# WHAT IS NEEDED:
The answer should be an exact repeat of the stretch of material below from the line containing "order_trans by blast" through the line containing "using \<zeta> \<alpha>_sum".

# MATERIAL PROVIDED:
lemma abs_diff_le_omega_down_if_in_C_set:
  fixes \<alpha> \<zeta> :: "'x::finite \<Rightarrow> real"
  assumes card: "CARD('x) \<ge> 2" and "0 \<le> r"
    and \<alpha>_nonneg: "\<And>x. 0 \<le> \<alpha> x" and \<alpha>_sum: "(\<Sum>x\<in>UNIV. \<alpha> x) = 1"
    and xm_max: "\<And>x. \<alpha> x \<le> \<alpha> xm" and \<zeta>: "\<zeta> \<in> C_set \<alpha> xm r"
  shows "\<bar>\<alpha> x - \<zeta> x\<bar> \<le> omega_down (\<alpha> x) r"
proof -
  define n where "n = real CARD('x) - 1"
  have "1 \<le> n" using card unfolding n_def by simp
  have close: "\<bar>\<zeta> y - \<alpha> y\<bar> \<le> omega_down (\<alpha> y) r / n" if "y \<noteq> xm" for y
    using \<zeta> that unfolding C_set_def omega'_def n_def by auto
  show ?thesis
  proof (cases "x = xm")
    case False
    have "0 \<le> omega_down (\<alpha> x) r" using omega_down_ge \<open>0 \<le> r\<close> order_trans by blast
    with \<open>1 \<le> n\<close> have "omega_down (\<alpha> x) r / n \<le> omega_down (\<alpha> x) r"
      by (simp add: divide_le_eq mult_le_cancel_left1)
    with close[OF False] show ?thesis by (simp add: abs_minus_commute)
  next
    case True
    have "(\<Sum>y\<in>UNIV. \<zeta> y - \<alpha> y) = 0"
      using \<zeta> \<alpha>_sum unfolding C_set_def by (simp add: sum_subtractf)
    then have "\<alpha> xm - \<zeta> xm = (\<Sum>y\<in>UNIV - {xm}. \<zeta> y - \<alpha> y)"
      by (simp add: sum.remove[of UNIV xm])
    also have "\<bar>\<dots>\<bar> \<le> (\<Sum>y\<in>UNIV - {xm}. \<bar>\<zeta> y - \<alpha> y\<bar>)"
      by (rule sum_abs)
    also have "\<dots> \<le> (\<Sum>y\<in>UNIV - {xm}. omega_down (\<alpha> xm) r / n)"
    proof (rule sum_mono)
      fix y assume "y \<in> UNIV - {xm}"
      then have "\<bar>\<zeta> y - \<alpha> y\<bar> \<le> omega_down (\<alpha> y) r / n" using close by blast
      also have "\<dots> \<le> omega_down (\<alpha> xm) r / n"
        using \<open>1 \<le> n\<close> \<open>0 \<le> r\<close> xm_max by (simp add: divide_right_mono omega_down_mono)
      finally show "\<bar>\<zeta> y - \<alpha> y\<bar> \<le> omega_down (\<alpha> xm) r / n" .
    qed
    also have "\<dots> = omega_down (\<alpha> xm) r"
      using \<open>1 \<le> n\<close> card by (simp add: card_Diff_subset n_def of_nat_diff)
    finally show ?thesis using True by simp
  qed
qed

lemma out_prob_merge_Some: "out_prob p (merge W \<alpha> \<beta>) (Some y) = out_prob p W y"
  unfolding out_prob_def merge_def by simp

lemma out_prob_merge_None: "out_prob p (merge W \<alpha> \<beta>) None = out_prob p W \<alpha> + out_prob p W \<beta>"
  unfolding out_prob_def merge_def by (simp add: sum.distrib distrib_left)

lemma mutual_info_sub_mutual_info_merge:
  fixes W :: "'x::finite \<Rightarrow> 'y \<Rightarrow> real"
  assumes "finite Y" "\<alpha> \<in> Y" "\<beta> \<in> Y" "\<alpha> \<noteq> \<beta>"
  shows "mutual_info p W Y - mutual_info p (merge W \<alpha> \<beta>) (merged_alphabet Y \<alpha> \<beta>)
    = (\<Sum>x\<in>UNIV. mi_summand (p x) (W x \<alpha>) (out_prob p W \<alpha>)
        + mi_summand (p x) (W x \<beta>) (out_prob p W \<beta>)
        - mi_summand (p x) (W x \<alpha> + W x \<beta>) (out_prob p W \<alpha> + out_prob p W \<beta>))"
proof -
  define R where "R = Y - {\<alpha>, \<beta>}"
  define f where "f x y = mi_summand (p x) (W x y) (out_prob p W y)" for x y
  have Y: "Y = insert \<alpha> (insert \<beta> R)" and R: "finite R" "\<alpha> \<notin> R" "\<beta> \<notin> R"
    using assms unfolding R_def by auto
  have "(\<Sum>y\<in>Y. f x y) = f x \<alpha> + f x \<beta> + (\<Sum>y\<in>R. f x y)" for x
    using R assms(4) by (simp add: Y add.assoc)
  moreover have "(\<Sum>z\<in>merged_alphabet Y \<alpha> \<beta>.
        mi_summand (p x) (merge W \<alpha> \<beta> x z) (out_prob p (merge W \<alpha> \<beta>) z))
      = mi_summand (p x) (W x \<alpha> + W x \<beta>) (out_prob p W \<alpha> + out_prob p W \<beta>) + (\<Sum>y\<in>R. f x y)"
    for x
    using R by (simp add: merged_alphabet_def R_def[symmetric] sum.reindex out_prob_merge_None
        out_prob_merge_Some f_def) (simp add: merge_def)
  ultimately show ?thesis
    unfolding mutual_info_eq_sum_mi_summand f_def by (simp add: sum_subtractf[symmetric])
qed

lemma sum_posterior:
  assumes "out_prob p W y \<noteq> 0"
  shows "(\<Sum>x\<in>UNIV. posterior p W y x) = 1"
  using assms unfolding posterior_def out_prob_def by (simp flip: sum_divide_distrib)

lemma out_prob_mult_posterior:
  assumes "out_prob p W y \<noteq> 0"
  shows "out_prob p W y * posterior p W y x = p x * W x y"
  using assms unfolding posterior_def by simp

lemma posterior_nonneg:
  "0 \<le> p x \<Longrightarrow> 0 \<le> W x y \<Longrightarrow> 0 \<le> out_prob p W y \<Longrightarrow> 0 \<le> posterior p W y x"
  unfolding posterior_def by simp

* * *

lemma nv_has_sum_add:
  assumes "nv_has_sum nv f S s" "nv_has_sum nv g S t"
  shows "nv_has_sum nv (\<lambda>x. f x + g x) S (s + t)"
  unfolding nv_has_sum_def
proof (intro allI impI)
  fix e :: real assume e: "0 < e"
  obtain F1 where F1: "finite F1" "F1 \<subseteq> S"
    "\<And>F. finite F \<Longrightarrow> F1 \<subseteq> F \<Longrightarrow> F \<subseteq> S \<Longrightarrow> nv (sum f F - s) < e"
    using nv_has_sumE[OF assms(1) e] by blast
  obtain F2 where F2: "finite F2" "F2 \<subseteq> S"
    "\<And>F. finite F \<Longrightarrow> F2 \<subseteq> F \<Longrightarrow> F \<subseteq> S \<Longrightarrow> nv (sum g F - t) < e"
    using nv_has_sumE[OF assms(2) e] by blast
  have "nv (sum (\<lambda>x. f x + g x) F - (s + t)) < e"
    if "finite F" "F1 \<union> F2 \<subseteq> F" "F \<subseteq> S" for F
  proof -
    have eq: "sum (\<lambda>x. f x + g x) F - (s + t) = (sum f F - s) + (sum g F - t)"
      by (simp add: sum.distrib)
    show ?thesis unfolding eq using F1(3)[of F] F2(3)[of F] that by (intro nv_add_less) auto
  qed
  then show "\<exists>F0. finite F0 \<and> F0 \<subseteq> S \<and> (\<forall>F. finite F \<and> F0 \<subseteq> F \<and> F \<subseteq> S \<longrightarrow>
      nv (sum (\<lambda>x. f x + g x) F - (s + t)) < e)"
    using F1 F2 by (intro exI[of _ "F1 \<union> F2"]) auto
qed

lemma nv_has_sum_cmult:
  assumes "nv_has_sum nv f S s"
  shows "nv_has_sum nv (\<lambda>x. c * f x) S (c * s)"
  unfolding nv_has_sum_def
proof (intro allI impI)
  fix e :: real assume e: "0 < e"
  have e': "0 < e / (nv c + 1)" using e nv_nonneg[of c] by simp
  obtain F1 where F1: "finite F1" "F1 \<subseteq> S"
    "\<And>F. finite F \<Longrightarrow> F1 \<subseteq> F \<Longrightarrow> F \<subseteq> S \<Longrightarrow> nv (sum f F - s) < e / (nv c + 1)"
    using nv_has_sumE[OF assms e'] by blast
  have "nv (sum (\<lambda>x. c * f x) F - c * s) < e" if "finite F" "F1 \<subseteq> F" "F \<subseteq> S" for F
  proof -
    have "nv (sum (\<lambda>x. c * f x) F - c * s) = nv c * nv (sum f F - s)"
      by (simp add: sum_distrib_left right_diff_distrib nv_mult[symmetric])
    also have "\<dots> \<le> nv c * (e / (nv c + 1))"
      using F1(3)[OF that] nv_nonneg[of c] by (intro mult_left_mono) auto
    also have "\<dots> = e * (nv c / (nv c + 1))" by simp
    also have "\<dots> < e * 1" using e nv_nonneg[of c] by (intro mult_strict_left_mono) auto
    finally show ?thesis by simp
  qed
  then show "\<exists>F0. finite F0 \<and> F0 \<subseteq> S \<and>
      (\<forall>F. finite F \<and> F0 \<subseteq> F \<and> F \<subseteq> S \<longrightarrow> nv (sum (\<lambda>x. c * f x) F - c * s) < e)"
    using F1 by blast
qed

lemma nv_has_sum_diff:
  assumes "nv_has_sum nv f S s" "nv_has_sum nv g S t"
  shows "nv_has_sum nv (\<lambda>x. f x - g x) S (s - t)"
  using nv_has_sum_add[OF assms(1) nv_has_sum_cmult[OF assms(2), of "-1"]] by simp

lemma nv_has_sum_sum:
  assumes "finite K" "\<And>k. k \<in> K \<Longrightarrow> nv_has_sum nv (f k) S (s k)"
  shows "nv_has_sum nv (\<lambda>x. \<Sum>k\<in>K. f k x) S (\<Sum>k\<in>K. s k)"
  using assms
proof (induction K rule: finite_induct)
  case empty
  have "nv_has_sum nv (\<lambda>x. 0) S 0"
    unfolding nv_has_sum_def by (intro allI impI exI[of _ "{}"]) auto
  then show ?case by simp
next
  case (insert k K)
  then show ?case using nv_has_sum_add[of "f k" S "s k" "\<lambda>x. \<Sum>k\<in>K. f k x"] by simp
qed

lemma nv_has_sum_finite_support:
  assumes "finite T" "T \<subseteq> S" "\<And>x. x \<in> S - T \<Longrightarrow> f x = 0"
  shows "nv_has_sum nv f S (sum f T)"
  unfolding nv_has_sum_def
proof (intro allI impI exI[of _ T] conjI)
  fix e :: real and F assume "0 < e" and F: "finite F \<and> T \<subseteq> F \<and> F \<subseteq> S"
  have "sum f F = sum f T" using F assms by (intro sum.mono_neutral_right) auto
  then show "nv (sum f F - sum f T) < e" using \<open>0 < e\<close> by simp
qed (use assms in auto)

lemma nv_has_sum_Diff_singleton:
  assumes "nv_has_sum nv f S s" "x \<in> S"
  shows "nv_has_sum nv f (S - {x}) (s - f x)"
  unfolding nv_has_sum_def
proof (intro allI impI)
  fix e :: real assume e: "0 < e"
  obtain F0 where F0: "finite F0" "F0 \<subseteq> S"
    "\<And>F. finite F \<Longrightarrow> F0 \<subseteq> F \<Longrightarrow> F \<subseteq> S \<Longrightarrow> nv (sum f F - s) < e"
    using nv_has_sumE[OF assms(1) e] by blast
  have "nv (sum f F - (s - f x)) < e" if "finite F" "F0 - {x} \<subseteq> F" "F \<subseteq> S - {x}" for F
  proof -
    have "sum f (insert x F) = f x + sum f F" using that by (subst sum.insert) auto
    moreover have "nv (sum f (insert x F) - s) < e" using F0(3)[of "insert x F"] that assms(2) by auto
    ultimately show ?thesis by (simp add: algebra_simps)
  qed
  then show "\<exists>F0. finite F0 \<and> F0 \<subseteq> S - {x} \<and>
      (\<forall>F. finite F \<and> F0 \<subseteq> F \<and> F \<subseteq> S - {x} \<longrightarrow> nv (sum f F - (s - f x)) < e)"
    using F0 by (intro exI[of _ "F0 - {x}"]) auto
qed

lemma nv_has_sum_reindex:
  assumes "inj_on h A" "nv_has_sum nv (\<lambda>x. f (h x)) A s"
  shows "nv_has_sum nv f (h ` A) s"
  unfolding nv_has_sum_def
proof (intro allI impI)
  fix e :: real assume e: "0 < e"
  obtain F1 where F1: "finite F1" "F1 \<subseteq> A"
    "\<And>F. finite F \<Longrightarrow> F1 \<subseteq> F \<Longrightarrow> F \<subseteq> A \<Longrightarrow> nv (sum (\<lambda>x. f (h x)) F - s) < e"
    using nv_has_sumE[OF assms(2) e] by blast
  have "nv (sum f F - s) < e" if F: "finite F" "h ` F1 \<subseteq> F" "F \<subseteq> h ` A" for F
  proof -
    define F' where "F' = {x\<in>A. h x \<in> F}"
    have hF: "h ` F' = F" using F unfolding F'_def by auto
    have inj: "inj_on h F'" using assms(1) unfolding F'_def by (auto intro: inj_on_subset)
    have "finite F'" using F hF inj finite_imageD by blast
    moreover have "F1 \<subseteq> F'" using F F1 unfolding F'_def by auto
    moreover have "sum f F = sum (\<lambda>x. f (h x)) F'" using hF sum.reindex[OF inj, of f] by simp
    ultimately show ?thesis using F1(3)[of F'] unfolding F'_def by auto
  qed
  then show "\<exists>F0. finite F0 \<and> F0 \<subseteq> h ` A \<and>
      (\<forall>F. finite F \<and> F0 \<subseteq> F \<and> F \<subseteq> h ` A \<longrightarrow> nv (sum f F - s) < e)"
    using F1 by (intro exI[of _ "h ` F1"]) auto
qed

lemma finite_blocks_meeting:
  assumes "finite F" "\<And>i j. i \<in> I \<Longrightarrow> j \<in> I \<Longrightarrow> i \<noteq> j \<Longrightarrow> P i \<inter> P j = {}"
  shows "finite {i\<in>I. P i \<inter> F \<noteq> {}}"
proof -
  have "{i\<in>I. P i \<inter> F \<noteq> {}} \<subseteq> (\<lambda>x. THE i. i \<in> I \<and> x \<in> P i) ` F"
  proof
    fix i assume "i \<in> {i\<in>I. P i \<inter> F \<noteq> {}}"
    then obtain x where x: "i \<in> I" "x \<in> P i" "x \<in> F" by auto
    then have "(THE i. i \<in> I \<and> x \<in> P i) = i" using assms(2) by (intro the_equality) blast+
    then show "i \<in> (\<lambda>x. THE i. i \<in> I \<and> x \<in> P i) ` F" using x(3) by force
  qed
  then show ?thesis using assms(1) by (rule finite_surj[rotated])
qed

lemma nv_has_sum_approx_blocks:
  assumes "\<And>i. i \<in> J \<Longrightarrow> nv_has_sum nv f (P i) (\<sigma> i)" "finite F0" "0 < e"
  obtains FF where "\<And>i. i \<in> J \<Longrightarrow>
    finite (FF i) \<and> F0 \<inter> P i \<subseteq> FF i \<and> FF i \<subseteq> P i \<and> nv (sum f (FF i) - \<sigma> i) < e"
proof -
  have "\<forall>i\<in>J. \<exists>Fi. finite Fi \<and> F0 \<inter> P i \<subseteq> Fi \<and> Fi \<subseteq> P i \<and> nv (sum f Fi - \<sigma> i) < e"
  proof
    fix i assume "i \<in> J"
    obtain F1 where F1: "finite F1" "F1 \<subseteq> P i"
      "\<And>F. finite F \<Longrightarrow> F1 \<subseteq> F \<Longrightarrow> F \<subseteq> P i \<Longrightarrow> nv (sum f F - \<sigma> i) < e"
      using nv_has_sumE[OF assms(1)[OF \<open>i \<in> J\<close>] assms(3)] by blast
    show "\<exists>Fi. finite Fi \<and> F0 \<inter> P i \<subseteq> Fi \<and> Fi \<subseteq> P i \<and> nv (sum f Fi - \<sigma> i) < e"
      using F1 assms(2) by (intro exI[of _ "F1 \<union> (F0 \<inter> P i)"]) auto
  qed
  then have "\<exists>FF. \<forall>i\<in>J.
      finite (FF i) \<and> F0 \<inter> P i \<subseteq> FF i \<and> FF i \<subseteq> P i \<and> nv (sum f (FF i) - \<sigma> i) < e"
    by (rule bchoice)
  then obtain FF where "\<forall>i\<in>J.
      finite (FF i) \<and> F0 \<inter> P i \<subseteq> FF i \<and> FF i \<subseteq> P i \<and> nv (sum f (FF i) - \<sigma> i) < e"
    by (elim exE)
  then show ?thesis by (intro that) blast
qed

# ANSWER AREA:
    have "0 \<le> omega_down (\<alpha> x) r" using omega_down_ge \<open>0 \<le> r\<close> order_trans by blast
    with \<open>1 \<le> n\<close> have "omega_down (\<alpha> x) r / n \<le> omega_down (\<alpha> x) r"
      by (simp add: divide_le_eq mult_le_cancel_left1)
    with close[OF False] show ?thesis by (simp add: abs_minus_commute)
  next
    case True
    have "(\<Sum>y\<in>UNIV. \<zeta> y - \<alpha> y) = 0"
      using \<zeta> \<alpha>_sum unfolding C_set_def by (simp add: sum_subtractf)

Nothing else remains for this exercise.